Sudo Support: If a command needs sudo, you'll be prompted for your password (cached for the session). Or set SUDO_PASSWORD in ~/.hermes/.env.

📱 Messaging Gateway

Chat with Hermes from Telegram, Discord, or WhatsApp.

Telegram Setup

  1. Create a bot: Message @BotFather on Telegram, use /newbot
  2. Get your user ID: Message @userinfobot - it replies with your numeric ID
  3. Configure:
# Add to ~/.hermes/.env:
TELEGRAM_BOT_TOKEN=123456:ABC-DEF...
TELEGRAM_ALLOWED_USERS=YOUR_USER_ID    # Comma-separated for multiple users
  1. Start the gateway:
hermes gateway              # Run in foreground
hermes gateway install      # Install as systemd service (Linux)
hermes gateway start        # Start the service

Discord Setup

  1. Create a bot: Go to Discord Developer Portal
  2. Get your user ID: Enable Developer Mode in Discord settings, right-click your name → Copy ID
  3. Configure:
# Add to ~/.hermes/.env:
DISCORD_BOT_TOKEN=MTIz...
DISCORD_ALLOWED_USERS=YOUR_USER_ID

Slack Setup

  1. Create an app: Go to Slack API, create a new app
  2. Enable Socket Mode: In app settings → Socket Mode → Enable
  3. Get tokens:
    • Bot Token (xoxb-...): OAuth & Permissions → Install to Workspace
    • App Token (xapp-...): Basic Information → App-Level Tokens → Generate
  4. Configure:
# Add to ~/.hermes/.env:
SLACK_BOT_TOKEN=xoxb-...
SLACK_APP_TOKEN=xapp-...
SLACK_ALLOWED_USERS=U01234ABCDE    # Comma-separated Slack user IDs
  1. Start the gateway: hermes gateway

DM Pairing (Alternative to Allowlists)

Instead of manually configuring user IDs in allowlists, you can use the pairing system. When an unknown user DMs your bot, they receive a one-time pairing code:

# The user sees: "Pairing code: XKGH5N7P"
# You approve them with:
hermes pairing approve telegram XKGH5N7P

# Other pairing commands:
hermes pairing list          # View pending + approved users
hermes pairing revoke telegram 123456789  # Remove access

Pairing codes expire after 1 hour, are rate-limited, and use cryptographic randomness.

Security (Important!)

Without an allowlist, anyone who finds your bot can use it!

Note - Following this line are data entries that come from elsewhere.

lemma matroid_rank_support_rank:
  assumes pm: "prob_measure_on n mu" and sr: "strong_rayleigh n mu"
  shows "matroid_rank {1..n} (support_rank n mu)"
  unfolding matroid_rank_def
proof (intro conjI allI impI)
  show "support_rank n mu {} = 0" using support_rank_le_card[OF pm, of "{}"] by simp
next
  fix X Y :: "nat set" assume "X \<subseteq> Y"
  obtain S where S: "S \<in> support n mu" "card (S \<inter> X) = support_rank n mu X"
    using support_rank_attained[OF pm] .
  have "card (S \<inter> X) \<le> card (S \<inter> Y)"
    using finite_mem_support[OF S(1)] \<open>X \<subseteq> Y\<close> by (intro card_mono) auto
  then show "support_rank n mu X \<le> support_rank n mu Y"
    using S card_Int_le_support_rank[OF S(1), of Y] by simp
next
  fix X :: "nat set" and x
  obtain S where S: "S \<in> support n mu" "card (S \<inter> insert x X) = support_rank n mu (insert x X)"
    using support_rank_attained[OF pm] .
  have "card (S \<inter> insert x X) \<le> card (insert x (S \<inter> X))"
    using finite_mem_support[OF S(1)] by (intro card_mono) auto
  also have "\<dots> \<le> card (S \<inter> X) + 1"
    using finite_mem_support[OF S(1)] by (simp add: card_insert_if)
  finally show "support_rank n mu (insert x X) \<le> support_rank n mu X + 1"
    using S card_Int_le_support_rank[OF S(1), of X] by simp
qed (rule support_rank_submodular[OF pm sr])
(* Let $\mathbf{Q}(t)=(Q_1(t),\ldots,Q_K(t))$, $t\in\{0,1,2,\ldots\}$, be a stochastic vector process with real-valued components and $p(t)$ a real-valued stochastic process on the same probability space; let $\mathcal{H}(0)=\{\mathbf{Q}(0)\}$ and $\mathcal{H}(t)=\{\mathbf{Q}(0),\ldots,\mathbf{Q}(t),p(0),\ldots,p(t-1)\}$ for $t>0$. Let $L(\mathbf{Q})=\frac{1}{2}\sum_{k=1}^Kw_kQ_k^2$ with constants $w_k>0$, $\|\mathbf{Q}\|=\sqrt{L(\mathbf{Q})}$, $\Delta(\mathcal{H}(t))=\mathbb{E}[L(\mathbf{Q}(t+1))-L(\mathbf{Q}(t))\mid\mathcal{H}(t)]$, and $d_k(t)=Q_k(t+1)-Q_k(t)$. Suppose there is a finite constant $D$ with $\mathbb{E}[d_k(t)^4\mid\mathbf{Q}(t)]\leq D$ for all $t$, all possible $\mathbf{Q}(t)$ and all $k$; that $\mathbb{E}[\|\mathbf{Q}(0)\|^4]<\infty$; and that there are constants $\epsilon>0$ and $\tilde{B}>0$ such that for all $t$ and all possible $\mathcal{H}(t)$, $$\Delta(\mathcal{H}(t))\leq\tilde{B}-\epsilon\sum_{k=1}^K|Q_k(t)|.$$ Then: (a) There are constants $c>0$ and $a>0$ such that whenever $\|\mathbf{Q}(t)\|\geq a$, $\mathbb{E}[\|\mathbf{Q}(t+1)\|\mid\mathbf{Q}(t)]\leq\|\mathbf{Q}(t)\|-c$. (b) There is a finite constant $b>0$ such that for all $M\in\{1,2,\ldots\}$, $\frac{1}{M}\sum_{t=0}^{M-1}\mathbb{E}[\|\mathbf{Q}(t)\|^3]\leq b$. (c) For all $k\in\{1,\ldots,K\}$, $\sum_{t=1}^\infty\mathbb{E}[Q_k(t)^2]/t^2<\infty$. (d) For all $k\in\{1,\ldots,K\}$, $\lim_{t\to\infty}Q_k(t)/t=0$ with probability 1. (e) $\limsup_{t\to\infty}\frac{1}{t}\sum_{\tau=0}^{t-1}\sum_{k=1}^K|Q_k(\tau)|\leq\tilde{B}/\epsilon$ with probability 1.
   Context: Time is slotted. "For all possible $\mathcal{H}(t)$" (resp. $\mathbf{Q}(t)$) means for every realization (almost surely). *)

theory Defs
  imports "HOL-Probability.Probability"
begin

definition lyap :: "(nat \<Rightarrow> real) \<Rightarrow> nat \<Rightarrow> (nat \<Rightarrow> real) \<Rightarrow> real" where
  "lyap w K q = (1/2) * (\<Sum>k=1..K. w k * (q k)^2)"

definition lnorm :: "(nat \<Rightarrow> real) \<Rightarrow> nat \<Rightarrow> (nat \<Rightarrow> real) \<Rightarrow> real" where
  "lnorm w K q = sqrt (lyap w K q)"

definition gen_sigma :: "'a set \<Rightarrow> ('a \<Rightarrow> real) set \<Rightarrow> 'a measure" where
  "gen_sigma \<Omega> fs = sigma \<Omega> {f -` A \<inter> \<Omega> | f A. f \<in> fs \<and> A \<in> sets borel}"

text \<open>H(t) = {Q(0),...,Q(t), p(0),...,p(t-1)} (for t = 0 just {Q(0)}).  Q t k \<omega> = Q_k(t)(\<omega>).\<close>

definition hist_alg :: "'a measure \<Rightarrow> nat \<Rightarrow> (nat \<Rightarrow> nat \<Rightarrow> 'a \<Rightarrow> real) \<Rightarrow> (nat \<Rightarrow> 'a \<Rightarrow> real)
    \<Rightarrow> nat \<Rightarrow> 'a measure" where
  "hist_alg M K Q p t = gen_sigma (space M)
     ({Q s k | s k. s \<le> t \<and> k \<in> {1..K}} \<union> {p s | s. s < t})"

definition state_alg :: "'a measure \<Rightarrow> nat \<Rightarrow> (nat \<Rightarrow> nat \<Rightarrow> 'a \<Rightarrow> real) \<Rightarrow> nat \<Rightarrow> 'a measure" where
  "state_alg M K Q t = gen_sigma (space M) {Q t k | k. k \<in> {1..K}}"

end

theory Submission
  imports Defs "HOL-Library.Discrete_Functions"
begin

text \<open>
  Multiplying the drift inequality by L(Q(t)) and taking expectations gives
  E[L(t+1)^2] <= E[L(t)^2] + C - (eps/c) E[||Q(t)||^3]: the second moment of the increment of L
  is bounded, via the fourth-moment hypothesis, by a multiple of E[L(t)], and this linear term is
  absorbed by half of the cubic gain. Telescoping gives (b) and E[L(t)^2] = O(t), hence
  E[Q_k(t)^2] = O(sqrt t), which gives (c); (d) follows because a series of nonnegative
  random variables with finite expected sum converges almost surely. Part (a) is the conditional
  form of sqrt x <= x/(2n) + n/2 taken at n = ||Q(t)||.
  For (e), summing the drift inequality along a path bounds eps * sum_{tau<t} sum_k |Q_k(tau)| by
  B t + L(Q(0)) + Z(t), where Z is the martingale of the compensated increments of L. Since
  E[Z(t)^2] = O(t), Z(n^2)/n^2 -> 0 almost surely, and an average up to time t is controlled by
  the partial sums up to the squares bracketing t.
\<close>

lemma square_sum_le: "((a::real) + b)\<^sup>2 \<le> 2 * a\<^sup>2 + 2 * b\<^sup>2"
  using sum_squares_bound[of a b] by (simp add: power2_sum)

lemma abs_mult_le_sum_squares: "\<bar>(a::real) * b\<bar> \<le> a\<^sup>2 + b\<^sup>2"
proof -
  have "2 * (\<bar>a\<bar> * \<bar>b\<bar>) \<le> a\<^sup>2 + b\<^sup>2"
    using sum_squares_bound[of "\<bar>a\<bar>" "\<bar>b\<bar>"] by simp
  moreover have "0 \<le> \<bar>a\<bar> * \<bar>b\<bar>" by simp
  ultimately show ?thesis unfolding abs_mult by linarith
qed

lemma le_square_div_plus: "(r::real) > 0 \<Longrightarrow> x \<le> x\<^sup>2 / (2 * r) + r / 2"
  using sum_squares_bound[of x r] by (simp add: field_simps power2_eq_square)

lemma sqrt_le_div_plus: "x \<ge> 0 \<Longrightarrow> s > 0 \<Longrightarrow> sqrt x \<le> x / (2 * s) + s / 2"
  using le_square_div_plus[of s "sqrt x"] by simp

lemma abs_le_one_plus_square: "\<bar>x::real\<bar> \<le> 1 + x\<^sup>2"
  using le_square_div_plus[of 1 "\<bar>x\<bar>"] by simp

lemma cube_le_one_plus_fourth:
  assumes "(x::real) \<ge> 0" shows "x ^ 3 \<le> 1 + x ^ 4"
proof (cases "x \<le> 1")
  case True
  then have "x ^ 3 \<le> 1" using assms by (simp add: power_le_one)
  then show ?thesis by (simp add: add_increasing2)
next
  case False
  then have "x ^ 3 * 1 \<le> x ^ 3 * x" using assms by (intro mult_left_mono) auto
  then show ?thesis by (simp add: power_Suc2[symmetric] eval_nat_numeral)
qed

lemma square_le_cube:
  assumes "(x::real) \<ge> 0" "\<delta> > 0" shows "x\<^sup>2 \<le> \<delta> * x ^ 3 + 1 / \<delta>\<^sup>2"
proof (cases "\<delta> * x \<ge> 1")
  case True
  have "x\<^sup>2 * 1 \<le> x\<^sup>2 * (\<delta> * x)" by (rule mult_left_mono[OF True]) simp
  then have "x\<^sup>2 \<le> \<delta> * x ^ 3" by (simp add: power3_eq_cube power2_eq_square ac_simps)
  then show ?thesis by (simp add: add_increasing2)
next
  case False
  then have "x\<^sup>2 \<le> (1 / \<delta>)\<^sup>2" using assms by (intro power_mono) (auto simp: field_simps)
  then show ?thesis using assms by (simp add: power_divide add_increasing)
qed
lemma finite_tamari_above [simp]: "finite {u. tamari_le t u}"
  by (rule finite_subset[OF _ finite_Ytrees[of "nodes t"]]) (auto intro: tamari_le_in_Ytrees)

definition tamari_height :: "tree \<Rightarrow> nat" where
  "tamari_height s = nodes s * nodes s - card (ldesc s)"

lemma tamari_height_less: "tamari_le u s \<Longrightarrow> u \<noteq> s \<Longrightarrow> tamari_height u < tamari_height s"
proof -
  assume "tamari_le u s" "u \<noteq> s"
  then have "nodes s = nodes u" "ldesc s \<subset> ldesc u" using tamari_le_ldesc by blast+
  moreover have "card (ldesc s) < card (ldesc u)"
    using calculation(2) finite_ldesc psubset_card_mono by blast
  moreover have "card (ldesc u) \<le> card ({..<nodes u} \<times> {..<nodes u})"
    by (intro card_mono) (auto dest: ldesc_bounded)
  then have "card (ldesc u) \<le> nodes u * nodes u" by (simp add: card_cartesian_product)
  ultimately show ?thesis by (simp add: tamari_height_def)
qed

function mobius :: "tree \<Rightarrow> tree \<Rightarrow> int" where
  "mobius t s = (if \<not> tamari_le t s then 0 else if t = s then 1
      else - (\<Sum>u | tamari_le t u \<and> tamari_le u s \<and> u \<noteq> s. mobius t u))"
  by auto
termination
  by (relation "measure (\<lambda>(t, s). tamari_height s)") (auto intro: tamari_height_less)

declare mobius.simps [simp del]

lemma mobius_eq_0: "\<not> tamari_le t s \<Longrightarrow> mobius t s = 0"
  by (simp add: mobius.simps)

lemma tamari_interval_remove_top:
  "tamari_le t s \<Longrightarrow>
    {u. tamari_le t u \<and> tamari_le u s} = insert s {u. tamari_le t u \<and> tamari_le u s \<and> u \<noteq> s}"
  by auto

lemma sum_mobius_interval:
  assumes "tamari_le t s"
  shows "(\<Sum>u | tamari_le t u \<and> tamari_le u s. mobius t u) = (if t = s then 1 else 0)"
proof (cases "t = s")
  case True
  then have "{u. tamari_le t u \<and> tamari_le u s} = {s}" using tamari_le_antisym by auto
  with True show ?thesis by (simp add: mobius.simps)
next
  case False
  with assms show ?thesis
    by (simp add: tamari_interval_remove_top mobius.simps[of t s])
qed
(* Let $k\ge 1$ and let $Q_k$ be the hypercube of dimension $k$. For any two vertices $u$ and $v$ of $Q_k$, perfect state transfer from $u$ to $v$ is possible by a single CQC-hopping; that is, there exist a spanning subgraph $H$ of $Q_k$ (with $V(H)=V(Q_k)$ and $E(H)\subseteq E(Q_k)$) and a time $t_0>0$ such that $|\langle v|\exp(-it_0A(H))|u\rangle|=1$.
   Context: The hypercube $Q_k$ is the graph with vertex set $\{0,1\}^k$, two vertices being adjacent if and only if their labels have Hamming distance $1$. For a graph $H$ with adjacency matrix $A(H)$, associate to each vertex $x$ the standard basis vector $|x\rangle\in\mathbb{C}^{|V(H)|}$; $H$ has perfect state transfer from $a$ to $b$ at time $t_0$ if $|\langle b|\exp(-it_0A(H))|a\rangle|=1$. A CQC-hopping from $u$ to $v$ on a graph $G$ consists of switching off a set of edges of $G$ to obtain a spanning subgraph $H$ (same vertex set, subset of the edges), performing perfect state transfer from $u$ to $v$ in $H$, and then switching the removed edges back on. *)

theory Defs
  imports "HOL-Analysis.Analysis"
begin

definition hcube_vertices :: "nat \<Rightarrow> bool list set" where
  "hcube_vertices k = {x. length x = k}"

definition hamming :: "bool list \<Rightarrow> bool list \<Rightarrow> nat" where
  "hamming x y = card {i. i < length x \<and> x ! i \<noteq> y ! i}"

definition hcube_adj :: "nat \<Rightarrow> bool list \<Rightarrow> bool list \<Rightarrow> bool" where
  "hcube_adj k x y \<longleftrightarrow> x \<in> hcube_vertices k \<and> y \<in> hcube_vertices k \<and> hamming x y = 1"

text \<open>A spanning subgraph of Q_k: same vertex set, a symmetric edge relation whose
  edges are edges of Q_k.\<close>
definition spanning_subgraph_hcube :: "nat \<Rightarrow> (bool list \<Rightarrow> bool list \<Rightarrow> bool) \<Rightarrow> bool" where
  "spanning_subgraph_hcube k E \<longleftrightarrow>
     (\<forall>x y. E x y \<longrightarrow> E y x) \<and> (\<forall>x y. E x y \<longrightarrow> hcube_adj k x y)"

definition adj_matrix :: "('a \<Rightarrow> 'a \<Rightarrow> bool) \<Rightarrow> 'a \<Rightarrow> 'a \<Rightarrow> complex" where
  "adj_matrix E x y = (if E x y then 1 else 0)"

fun mat_pow :: "'a set \<Rightarrow> ('a \<Rightarrow> 'a \<Rightarrow> complex) \<Rightarrow> nat \<Rightarrow> 'a \<Rightarrow> 'a \<Rightarrow> complex" where
  "mat_pow V M 0 x y = (if x = y then 1 else 0)"
| "mat_pow V M (Suc n) x y = (\<Sum>z\<in>V. M x z * mat_pow V M n z y)"

text \<open>Entry (b,a) of the matrix exponential exp(c M) = sum_n c^n M^n / n!, i.e. <b| exp(c M) |a>.\<close>
definition mat_exp_entry :: "'a set \<Rightarrow> complex \<Rightarrow> ('a \<Rightarrow> 'a \<Rightarrow> complex) \<Rightarrow> 'a \<Rightarrow> 'a \<Rightarrow> complex" where
  "mat_exp_entry V c M b a = (\<Sum>n. (c ^ n / of_nat (fact n)) * mat_pow V M n b a)"

definition pst :: "'a set \<Rightarrow> ('a \<Rightarrow> 'a \<Rightarrow> bool) \<Rightarrow> 'a \<Rightarrow> 'a \<Rightarrow> real \<Rightarrow> bool" where
  "pst V E a b t0 \<longleftrightarrow> cmod (mat_exp_entry V (- \<i> * of_real t0) (adj_matrix E) b a) = 1"

end

theory Submission
  imports Defs
begin

(* Let D be the set of coordinates in which u and v differ and keep only the edges of Q_k
   in directions from D.  The component of u is then a copy of Q_|D| in which v is antipodal
   to u.  For s \<subseteq> D the characters x \<mapsto> (-1)^|{j \<in> s. x_j \<noteq> u_j}|, supported on that
   component, are eigenvectors with eigenvalue |D| - 2|s| and sum to 2^|D| times the
   indicator of u.  Hence <v|exp(-itA)|u> = 2^-|D| \<Sum>_s exp(-it(|D| - 2|s|)) (-1)^|s|,
   and at t = pi/2 every summand equals (-i)^|D|. *)

lemma mat_pow_eigen_expansion:
  fixes M :: "'a \<Rightarrow> 'a \<Rightarrow> complex" and \<phi> :: "'s \<Rightarrow> 'a \<Rightarrow> complex"
  assumes eigen: "\<And>s x. s \<in> S \<Longrightarrow> x \<in> V \<Longrightarrow> (\<Sum>y\<in>V. M x y * \<phi> s y) = \<mu> s * \<phi> s x"
    and unit: "\<And>x. x \<in> V \<Longrightarrow> (if x = a then 1 else 0) = (\<Sum>s\<in>S. w s * \<phi> s x)"
    and "x \<in> V"
  shows "mat_pow V M n x a = (\<Sum>s\<in>S. w s * \<phi> s x * \<mu> s ^ n)"
  using \<open>x \<in> V\<close>
proof (induction n arbitrary: x)
  case 0
  then show ?case using unit by simp
next
  case (Suc n)
  have "mat_pow V M (Suc n) x a = (\<Sum>z\<in>V. M x z * (\<Sum>s\<in>S. w s * \<phi> s z * \<mu> s ^ n))"
    using Suc.IH by simp
  also have "\<dots> = (\<Sum>s\<in>S. \<Sum>z\<in>V. M x z * (w s * \<phi> s z * \<mu> s ^ n))"
    by (simp add: sum_distrib_left sum.swap[of _ V])
  also have "\<dots> = (\<Sum>s\<in>S. w s * \<mu> s ^ n * (\<Sum>z\<in>V. M x z * \<phi> s z))"
    by (simp add: sum_distrib_left ac_simps)
  also have "\<dots> = (\<Sum>s\<in>S. w s * \<phi> s x * \<mu> s ^ Suc n)"
    using eigen Suc.prems by (intro sum.cong) auto
  finally show ?case .
qed

lemma mat_exp_entry_eigen_expansion:
  assumes "finite S" and "\<And>n. mat_pow V M n b a = (\<Sum>s\<in>S. w s * \<mu> s ^ n)"
  shows "mat_exp_entry V c M b a = (\<Sum>s\<in>S. w s * exp (c * \<mu> s))"
proof -
  have exp_sums: "(\<lambda>n. z ^ n / of_nat (fact n)) sums exp z" for z :: complex
    using exp_converges[of z] by (simp add: scaleR_conv_of_real field_simps)
  have "(\<lambda>n. \<Sum>s\<in>S. w s * ((c * \<mu> s) ^ n / of_nat (fact n))) sums (\<Sum>s\<in>S. w s * exp (c * \<mu> s))"
    by (intro sums_sum sums_mult exp_sums)
  then show ?thesis
    unfolding mat_exp_entry_def assms(2)
    by (simp add: sums_iff sum_distrib_left power_mult_distrib ac_simps)
qed

lemma hamming_commute: "length x = length y \<Longrightarrow> hamming x y = hamming y x"
  unfolding hamming_def by metis

lemma finite_hcube_vertices: "finite (hcube_vertices k)"
  using finite_lists_length_eq[of "UNIV :: bool set" k] by (simp add: hcube_vertices_def)

definition flip_coord :: "bool list \<Rightarrow> nat \<Rightarrow> bool list" where
  "flip_coord x i = x[i := \<not> x ! i]"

# Restrict to specific users (recommended):
TELEGRAM_ALLOWED_USERS=123456789,987654321
DISCORD_ALLOWED_USERS=123456789012345678

# Or allow all users in a specific platform:
# (Leave the variable unset - NOT recommended for bots with terminal access)

Gateway Commands

Command Description
/new or /reset Start fresh conversation
/status Show session info
/hermes (Discord) Slash command — ask, reset, status, stop

Working Directory

  • CLI (hermes): Uses current directory where you run the command
  • Messaging: Uses MESSAGING_CWD (default: home directory ~)
# Set custom messaging working directory in ~/.hermes/.env
MESSAGING_CWD=/home/myuser/projects

Tool Progress Notifications

Get real-time updates as the agent works:

# Enable in ~/.hermes/.env
HERMES_TOOL_PROGRESS=true
HERMES_TOOL_PROGRESS_MODE=new    # or "all" for every tool call

When enabled, you'll see messages like:

💻 `ls -la`...
🔍 web_search...
📄 web_extract...

See docs/messaging.md for WhatsApp and advanced setup.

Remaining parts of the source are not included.